─── Task input

definition handshake_confirmed :: "'v config \<Rightarrow> nat \<Rightarrow> bool" where
  "handshake_confirmed c p \<longleftrightarrow>
     is_dir (col (rob c p)) \<and> rcd (rob c (Suc p)) = col (rob c p) \<and> col (rob c (Suc p)) \<in> {Conf,
       Conf2}"

definition handshake_moving :: "'v config \<Rightarrow> nat \<Rightarrow> bool" where
  "handshake_moving c p \<longleftrightarrow>
     (\<exists>k. ph c p = Moving k \<and> rcd (rob c (Suc p)) = Dir k \<and> col (rob c (Suc p)) \<in> {Conf, Conf2})"

definition pair_adjacent :: "('v \<Rightarrow> 'v list) \<Rightarrow> 'v config \<Rightarrow> nat \<Rightarrow> bool" where
  "pair_adjacent ports c p \<longleftrightarrow>
     pred_vertex ports c (Suc p) = pos (rob c p) \<and> succ_vertex ports c p = pos (rob c (Suc p)) \<and>
     not_moving c (Suc p) \<and>
       (handshake_idle ports c p \<or> handshake_confirmed c p \<or> handshake_moving c p)"

definition pair_gap :: "('v \<Rightarrow> 'v list) \<Rightarrow> 'v config \<Rightarrow> nat \<Rightarrow> bool" where
  "pair_gap ports c p \<longleftrightarrow> (let i = Suc p; a = pred_vertex ports c i in
     unoccupied c a \<and> succ_vertex ports c p = a \<and>
     (\<exists>d. rcd (rob c i) = Dir d \<and> d < length (ports a) \<and> ports a ! d = pos (rob c p)) \<and>
     (col (rob c i) \<in> {Conf, Conf2} \<or> col (rob c i) = Dir (the (pp (rob c i))) \<or>
        (col (rob c i) = Mov \<and> ph c i = Moving (the (pp (rob c i))))) \<and>
     not_moving c p \<and> (\<forall>S. ph c p = Looked S \<longrightarrow> no_confirm S a) \<and>
     (\<forall>k. ph c i = Moving k \<longrightarrow> k = the (pp (rob c i))))"

definition pair_inv :: "('v \<Rightarrow> 'v list) \<Rightarrow> 'v \<Rightarrow> 'v config \<Rightarrow> nat \<Rightarrow> bool" where
  "pair_inv ports door c p \<longleftrightarrow>
     (\<exists>s. sp (rob c p) = Some s \<and> s < length (ports (pos (rob c p)))) \<and>
     (newcomer_next ports door c p \<or>
      (follower_wf ports c (Suc p) \<and> (pair_adjacent ports c p \<or> pair_gap ports c p)))"

definition finished_next_inv :: "('v \<Rightarrow> 'v list) \<Rightarrow> 'v config \<Rightarrow> nat \<Rightarrow> bool" where
  "finished_next_inv ports c p \<longleftrightarrow>
     st (rob c (Suc p)) = Leader \<or> st (rob c (Suc p)) = Finished \<or>
     (follower_wf ports c (Suc p) \<and> rcd (rob c (Suc p)) = DStuck \<and>
      pred_vertex ports c (Suc p) = pos (rob c p) \<and>
      col (rob c (Suc p)) \<in> {Conf, Conf2} \<and> not_moving c (Suc p))"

──────

## [What you should do]
In the listing above, find the line with "is_dir (col (rob" and the line with "(\<exists>k. ph c", then print exactly those lines and every line between them.

## [Answer to the exercise]
     is_dir (col (rob c p)) \<and> rcd (rob c (Suc p)) = col (rob c p) \<and> col (rob c (Suc p)) \<in> {Conf,
       Conf2}"

definition handshake_moving :: "'v config \<Rightarrow> nat \<Rightarrow> bool" where
  "handshake_moving c p \<longleftrightarrow>
     (\<exists>k. ph c p = Moving k \<and> rcd (rob c (Suc p)) = Dir k \<and> col (rob c (Suc p)) \<in> {Conf, Conf2})"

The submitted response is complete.